## TASK INSTRUCTIONS
The response must consist of the lines below from the one with "thus ?thesis using less.IH[of" through the one with "using jump[OF y(2)]", exactly as they appear and with both ends kept.

## INPUT RECORDS
^^^^

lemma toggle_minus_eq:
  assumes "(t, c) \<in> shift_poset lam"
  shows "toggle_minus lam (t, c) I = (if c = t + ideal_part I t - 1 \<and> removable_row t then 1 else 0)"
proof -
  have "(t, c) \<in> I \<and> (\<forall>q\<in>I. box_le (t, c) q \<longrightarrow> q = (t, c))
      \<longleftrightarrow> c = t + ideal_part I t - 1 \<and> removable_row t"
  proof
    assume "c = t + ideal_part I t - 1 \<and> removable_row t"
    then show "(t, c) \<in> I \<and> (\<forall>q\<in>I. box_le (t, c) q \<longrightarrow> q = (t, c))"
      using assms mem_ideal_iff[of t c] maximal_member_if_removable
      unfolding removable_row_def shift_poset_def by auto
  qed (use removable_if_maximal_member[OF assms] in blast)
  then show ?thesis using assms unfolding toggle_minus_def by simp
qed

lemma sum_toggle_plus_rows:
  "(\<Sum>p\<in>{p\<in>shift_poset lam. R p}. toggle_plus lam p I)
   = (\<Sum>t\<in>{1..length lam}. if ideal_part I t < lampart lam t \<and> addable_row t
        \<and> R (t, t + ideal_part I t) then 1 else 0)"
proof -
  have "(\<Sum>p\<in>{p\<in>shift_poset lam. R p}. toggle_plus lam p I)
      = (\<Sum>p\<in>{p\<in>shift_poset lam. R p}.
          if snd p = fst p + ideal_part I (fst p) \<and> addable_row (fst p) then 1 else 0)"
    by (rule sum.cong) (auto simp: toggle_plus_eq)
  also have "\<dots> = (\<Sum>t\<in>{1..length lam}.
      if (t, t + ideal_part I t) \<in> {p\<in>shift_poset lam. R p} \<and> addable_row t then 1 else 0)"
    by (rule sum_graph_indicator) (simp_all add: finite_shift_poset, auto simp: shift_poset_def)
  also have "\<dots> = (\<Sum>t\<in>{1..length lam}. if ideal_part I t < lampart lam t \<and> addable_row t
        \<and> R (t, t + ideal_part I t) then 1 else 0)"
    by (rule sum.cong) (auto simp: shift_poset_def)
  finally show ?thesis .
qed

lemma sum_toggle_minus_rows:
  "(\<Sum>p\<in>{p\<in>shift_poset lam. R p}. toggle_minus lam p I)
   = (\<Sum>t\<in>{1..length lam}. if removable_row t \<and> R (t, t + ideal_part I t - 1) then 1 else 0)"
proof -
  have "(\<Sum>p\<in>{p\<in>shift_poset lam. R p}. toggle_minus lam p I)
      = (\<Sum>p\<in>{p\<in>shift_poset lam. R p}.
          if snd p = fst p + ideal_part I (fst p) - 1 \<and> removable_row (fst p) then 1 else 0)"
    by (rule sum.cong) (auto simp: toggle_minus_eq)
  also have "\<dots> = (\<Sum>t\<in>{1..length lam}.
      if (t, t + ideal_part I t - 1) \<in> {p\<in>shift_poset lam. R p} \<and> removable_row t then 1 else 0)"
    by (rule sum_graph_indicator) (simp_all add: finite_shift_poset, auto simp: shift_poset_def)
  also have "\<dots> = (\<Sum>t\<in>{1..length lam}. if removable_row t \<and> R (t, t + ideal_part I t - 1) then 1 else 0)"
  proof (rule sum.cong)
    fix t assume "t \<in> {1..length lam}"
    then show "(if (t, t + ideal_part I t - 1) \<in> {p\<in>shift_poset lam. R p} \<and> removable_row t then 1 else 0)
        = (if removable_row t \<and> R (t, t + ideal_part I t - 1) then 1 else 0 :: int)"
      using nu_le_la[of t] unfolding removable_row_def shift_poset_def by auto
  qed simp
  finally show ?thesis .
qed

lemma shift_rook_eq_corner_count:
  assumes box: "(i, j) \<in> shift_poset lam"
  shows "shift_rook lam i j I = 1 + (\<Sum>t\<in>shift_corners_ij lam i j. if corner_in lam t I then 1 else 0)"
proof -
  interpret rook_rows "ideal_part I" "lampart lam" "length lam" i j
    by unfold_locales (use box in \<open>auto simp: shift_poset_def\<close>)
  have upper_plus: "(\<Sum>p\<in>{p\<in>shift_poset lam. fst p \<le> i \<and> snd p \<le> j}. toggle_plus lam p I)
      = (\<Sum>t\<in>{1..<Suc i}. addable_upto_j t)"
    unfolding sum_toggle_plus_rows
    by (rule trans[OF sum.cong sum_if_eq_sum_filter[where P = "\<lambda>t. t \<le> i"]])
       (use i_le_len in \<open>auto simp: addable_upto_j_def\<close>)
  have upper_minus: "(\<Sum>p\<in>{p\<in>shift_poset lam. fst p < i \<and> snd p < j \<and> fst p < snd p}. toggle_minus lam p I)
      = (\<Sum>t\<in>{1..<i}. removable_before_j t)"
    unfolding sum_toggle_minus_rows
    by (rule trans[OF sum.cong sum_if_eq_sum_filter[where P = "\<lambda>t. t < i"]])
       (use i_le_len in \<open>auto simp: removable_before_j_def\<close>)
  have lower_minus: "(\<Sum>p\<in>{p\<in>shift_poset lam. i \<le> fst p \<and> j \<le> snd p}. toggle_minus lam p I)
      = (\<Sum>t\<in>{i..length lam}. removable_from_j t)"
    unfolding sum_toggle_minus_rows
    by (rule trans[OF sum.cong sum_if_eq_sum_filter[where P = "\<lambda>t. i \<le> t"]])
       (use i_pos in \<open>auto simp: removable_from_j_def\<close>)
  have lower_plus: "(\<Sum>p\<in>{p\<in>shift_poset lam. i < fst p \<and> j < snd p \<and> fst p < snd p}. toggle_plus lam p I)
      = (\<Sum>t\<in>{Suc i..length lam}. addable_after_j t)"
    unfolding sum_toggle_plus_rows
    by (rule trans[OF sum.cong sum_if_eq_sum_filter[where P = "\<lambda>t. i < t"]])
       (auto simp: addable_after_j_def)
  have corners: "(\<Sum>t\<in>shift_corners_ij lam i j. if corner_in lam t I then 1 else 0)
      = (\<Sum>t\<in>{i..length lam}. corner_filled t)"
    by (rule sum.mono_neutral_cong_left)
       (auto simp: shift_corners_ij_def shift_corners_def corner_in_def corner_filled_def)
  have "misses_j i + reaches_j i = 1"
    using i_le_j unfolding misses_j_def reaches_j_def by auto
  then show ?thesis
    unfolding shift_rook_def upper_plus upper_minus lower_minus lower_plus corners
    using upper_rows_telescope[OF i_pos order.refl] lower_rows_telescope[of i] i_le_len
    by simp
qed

^^^^

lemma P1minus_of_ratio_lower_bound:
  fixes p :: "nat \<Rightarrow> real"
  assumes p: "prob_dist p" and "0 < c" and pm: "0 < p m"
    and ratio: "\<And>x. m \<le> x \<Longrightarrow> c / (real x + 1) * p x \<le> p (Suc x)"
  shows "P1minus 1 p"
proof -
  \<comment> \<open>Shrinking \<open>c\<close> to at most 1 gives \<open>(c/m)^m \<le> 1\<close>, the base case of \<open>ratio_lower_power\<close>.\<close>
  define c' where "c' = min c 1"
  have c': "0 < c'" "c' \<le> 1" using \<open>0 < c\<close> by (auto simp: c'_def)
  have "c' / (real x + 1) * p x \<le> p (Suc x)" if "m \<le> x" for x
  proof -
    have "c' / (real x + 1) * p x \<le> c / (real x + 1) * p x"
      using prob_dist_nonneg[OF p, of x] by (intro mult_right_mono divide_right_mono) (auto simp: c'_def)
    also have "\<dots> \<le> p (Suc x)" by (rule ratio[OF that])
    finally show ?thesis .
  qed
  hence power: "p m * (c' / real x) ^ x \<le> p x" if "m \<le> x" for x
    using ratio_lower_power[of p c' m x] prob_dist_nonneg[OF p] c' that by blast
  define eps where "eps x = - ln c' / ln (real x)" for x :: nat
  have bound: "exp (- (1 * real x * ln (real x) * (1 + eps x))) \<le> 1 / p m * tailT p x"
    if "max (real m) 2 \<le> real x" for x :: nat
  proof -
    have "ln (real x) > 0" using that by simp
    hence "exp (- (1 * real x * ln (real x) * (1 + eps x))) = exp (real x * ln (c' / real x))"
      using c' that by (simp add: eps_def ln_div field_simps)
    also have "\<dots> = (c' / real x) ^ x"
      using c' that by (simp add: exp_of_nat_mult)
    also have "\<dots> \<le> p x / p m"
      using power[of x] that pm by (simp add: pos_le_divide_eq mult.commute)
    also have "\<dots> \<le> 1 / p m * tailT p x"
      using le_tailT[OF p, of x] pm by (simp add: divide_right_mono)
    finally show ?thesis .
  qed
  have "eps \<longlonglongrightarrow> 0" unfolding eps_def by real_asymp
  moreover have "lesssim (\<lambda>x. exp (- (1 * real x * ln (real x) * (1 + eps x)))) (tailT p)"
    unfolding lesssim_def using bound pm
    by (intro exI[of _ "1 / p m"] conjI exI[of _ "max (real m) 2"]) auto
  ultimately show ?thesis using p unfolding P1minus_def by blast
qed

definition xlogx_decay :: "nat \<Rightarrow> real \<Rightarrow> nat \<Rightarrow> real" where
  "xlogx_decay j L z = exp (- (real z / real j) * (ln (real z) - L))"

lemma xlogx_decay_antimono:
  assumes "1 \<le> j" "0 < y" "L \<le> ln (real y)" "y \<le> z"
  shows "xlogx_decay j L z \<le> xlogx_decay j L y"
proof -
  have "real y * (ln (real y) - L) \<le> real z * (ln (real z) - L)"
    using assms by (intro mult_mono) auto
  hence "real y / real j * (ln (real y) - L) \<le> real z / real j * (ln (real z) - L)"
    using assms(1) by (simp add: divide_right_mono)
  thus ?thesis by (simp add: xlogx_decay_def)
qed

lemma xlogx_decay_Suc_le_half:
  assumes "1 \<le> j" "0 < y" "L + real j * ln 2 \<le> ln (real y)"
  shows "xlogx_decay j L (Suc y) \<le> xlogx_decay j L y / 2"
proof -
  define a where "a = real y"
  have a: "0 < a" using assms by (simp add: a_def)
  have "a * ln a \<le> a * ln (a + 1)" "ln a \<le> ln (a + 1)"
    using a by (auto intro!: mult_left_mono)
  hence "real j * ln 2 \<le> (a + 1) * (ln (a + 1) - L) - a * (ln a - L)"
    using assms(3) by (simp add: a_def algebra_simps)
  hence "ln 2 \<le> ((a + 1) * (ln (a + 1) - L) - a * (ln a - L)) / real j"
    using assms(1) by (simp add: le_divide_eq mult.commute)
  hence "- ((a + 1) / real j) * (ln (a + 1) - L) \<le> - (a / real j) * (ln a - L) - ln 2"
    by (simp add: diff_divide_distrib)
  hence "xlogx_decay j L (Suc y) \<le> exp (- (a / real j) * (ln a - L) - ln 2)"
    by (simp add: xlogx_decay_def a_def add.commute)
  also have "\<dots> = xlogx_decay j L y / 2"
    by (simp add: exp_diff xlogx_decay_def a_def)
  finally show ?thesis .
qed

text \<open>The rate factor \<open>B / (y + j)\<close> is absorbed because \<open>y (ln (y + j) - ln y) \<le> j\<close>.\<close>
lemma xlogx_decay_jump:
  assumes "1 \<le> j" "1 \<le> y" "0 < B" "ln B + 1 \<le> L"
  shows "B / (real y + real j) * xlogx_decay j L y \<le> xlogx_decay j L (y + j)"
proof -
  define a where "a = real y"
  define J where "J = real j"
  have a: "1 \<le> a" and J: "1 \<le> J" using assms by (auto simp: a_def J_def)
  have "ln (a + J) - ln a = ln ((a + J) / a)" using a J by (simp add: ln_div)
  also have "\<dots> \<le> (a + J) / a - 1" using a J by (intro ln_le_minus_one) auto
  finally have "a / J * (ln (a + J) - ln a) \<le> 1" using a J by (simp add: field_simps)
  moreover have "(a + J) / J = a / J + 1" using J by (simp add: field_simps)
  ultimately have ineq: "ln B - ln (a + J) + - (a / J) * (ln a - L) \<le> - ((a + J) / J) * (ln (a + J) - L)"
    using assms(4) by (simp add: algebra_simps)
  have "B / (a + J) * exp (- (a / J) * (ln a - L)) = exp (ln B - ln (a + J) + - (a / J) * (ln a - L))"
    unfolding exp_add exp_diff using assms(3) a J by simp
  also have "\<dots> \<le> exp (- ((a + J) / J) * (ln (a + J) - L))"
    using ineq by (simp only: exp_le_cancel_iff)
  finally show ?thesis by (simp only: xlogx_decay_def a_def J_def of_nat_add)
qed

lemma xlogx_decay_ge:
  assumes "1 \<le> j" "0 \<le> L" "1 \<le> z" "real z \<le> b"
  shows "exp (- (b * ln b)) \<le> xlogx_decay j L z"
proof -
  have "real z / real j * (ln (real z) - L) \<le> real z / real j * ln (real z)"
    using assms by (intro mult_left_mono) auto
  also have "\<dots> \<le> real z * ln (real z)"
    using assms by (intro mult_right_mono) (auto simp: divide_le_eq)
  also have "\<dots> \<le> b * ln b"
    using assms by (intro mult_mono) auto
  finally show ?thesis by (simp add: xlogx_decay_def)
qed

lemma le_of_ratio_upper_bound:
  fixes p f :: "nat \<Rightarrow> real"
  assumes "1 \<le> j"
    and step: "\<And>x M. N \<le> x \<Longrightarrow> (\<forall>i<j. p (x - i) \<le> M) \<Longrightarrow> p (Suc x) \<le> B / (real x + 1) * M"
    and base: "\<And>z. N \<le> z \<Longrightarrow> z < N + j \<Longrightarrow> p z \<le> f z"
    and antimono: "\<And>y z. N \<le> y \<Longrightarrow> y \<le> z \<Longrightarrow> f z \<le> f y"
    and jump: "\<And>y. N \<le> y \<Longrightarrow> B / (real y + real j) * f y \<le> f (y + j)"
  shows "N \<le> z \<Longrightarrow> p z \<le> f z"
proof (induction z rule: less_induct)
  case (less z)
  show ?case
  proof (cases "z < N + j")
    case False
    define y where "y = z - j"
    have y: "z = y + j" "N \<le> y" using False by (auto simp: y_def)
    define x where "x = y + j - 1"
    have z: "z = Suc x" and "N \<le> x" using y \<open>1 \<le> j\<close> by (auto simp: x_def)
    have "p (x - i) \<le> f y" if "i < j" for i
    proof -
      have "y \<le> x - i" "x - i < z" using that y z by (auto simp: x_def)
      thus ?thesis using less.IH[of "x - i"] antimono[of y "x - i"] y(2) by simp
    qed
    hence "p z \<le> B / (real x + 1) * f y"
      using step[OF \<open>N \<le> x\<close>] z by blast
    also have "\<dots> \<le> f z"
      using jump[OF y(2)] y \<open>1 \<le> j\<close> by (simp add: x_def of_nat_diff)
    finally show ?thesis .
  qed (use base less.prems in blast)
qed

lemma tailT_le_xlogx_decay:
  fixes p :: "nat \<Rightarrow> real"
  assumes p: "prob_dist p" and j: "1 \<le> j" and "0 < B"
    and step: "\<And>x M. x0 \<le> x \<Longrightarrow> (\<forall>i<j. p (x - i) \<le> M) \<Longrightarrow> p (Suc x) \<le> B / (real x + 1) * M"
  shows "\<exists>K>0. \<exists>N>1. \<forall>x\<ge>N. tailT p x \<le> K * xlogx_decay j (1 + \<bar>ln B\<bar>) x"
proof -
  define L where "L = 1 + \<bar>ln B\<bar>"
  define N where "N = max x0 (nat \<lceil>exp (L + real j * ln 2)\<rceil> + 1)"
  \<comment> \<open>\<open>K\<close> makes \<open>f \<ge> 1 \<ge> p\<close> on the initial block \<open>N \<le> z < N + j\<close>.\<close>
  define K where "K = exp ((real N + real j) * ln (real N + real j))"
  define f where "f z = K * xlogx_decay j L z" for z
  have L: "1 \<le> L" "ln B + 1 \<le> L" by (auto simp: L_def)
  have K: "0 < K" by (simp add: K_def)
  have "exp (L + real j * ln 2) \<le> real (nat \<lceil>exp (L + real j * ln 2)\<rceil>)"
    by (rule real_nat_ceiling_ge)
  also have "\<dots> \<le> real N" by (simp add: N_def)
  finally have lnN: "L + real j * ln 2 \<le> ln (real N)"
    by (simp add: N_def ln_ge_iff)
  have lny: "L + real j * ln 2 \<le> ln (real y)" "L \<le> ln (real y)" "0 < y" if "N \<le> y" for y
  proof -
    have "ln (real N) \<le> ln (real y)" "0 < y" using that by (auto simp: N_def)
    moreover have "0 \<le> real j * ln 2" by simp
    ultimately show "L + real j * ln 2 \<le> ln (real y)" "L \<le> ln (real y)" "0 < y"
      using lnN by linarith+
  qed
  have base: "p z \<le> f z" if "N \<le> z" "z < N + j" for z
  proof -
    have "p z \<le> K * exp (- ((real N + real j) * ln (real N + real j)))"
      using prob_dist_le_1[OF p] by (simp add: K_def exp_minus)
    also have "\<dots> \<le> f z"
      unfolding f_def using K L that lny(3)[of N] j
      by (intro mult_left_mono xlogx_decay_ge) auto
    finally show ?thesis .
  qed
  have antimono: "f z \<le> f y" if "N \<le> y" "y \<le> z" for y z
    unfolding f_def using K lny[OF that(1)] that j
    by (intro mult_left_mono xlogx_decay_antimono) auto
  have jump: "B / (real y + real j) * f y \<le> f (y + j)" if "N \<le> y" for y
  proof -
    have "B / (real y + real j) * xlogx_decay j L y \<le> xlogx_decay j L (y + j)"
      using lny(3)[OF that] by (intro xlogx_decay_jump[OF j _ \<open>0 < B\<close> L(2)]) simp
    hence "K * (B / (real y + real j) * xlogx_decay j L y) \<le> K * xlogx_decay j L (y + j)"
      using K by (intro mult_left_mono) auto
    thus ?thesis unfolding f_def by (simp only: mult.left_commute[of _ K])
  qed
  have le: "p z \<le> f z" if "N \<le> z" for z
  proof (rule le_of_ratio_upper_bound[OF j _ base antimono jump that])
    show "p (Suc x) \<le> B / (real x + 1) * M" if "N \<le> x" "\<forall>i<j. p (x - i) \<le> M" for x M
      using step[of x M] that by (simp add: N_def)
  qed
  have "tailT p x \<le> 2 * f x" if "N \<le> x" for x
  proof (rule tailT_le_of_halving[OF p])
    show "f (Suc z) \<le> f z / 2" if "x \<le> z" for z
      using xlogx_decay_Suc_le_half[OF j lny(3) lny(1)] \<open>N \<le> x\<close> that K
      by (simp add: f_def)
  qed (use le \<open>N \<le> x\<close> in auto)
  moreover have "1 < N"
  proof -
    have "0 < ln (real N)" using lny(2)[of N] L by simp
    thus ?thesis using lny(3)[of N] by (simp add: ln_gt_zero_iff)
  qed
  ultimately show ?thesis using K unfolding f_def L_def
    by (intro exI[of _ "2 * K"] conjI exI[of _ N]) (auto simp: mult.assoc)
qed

^^^^

## ANSWER SECTION
      thus ?thesis using less.IH[of "x - i"] antimono[of y "x - i"] y(2) by simp
    qed
    hence "p z \<le> B / (real x + 1) * f y"
      using step[OF \<open>N \<le> x\<close>] z by blast
    also have "\<dots> \<le> f z"
      using jump[OF y(2)] y \<open>1 \<le> j\<close> by (simp add: x_def of_nat_diff)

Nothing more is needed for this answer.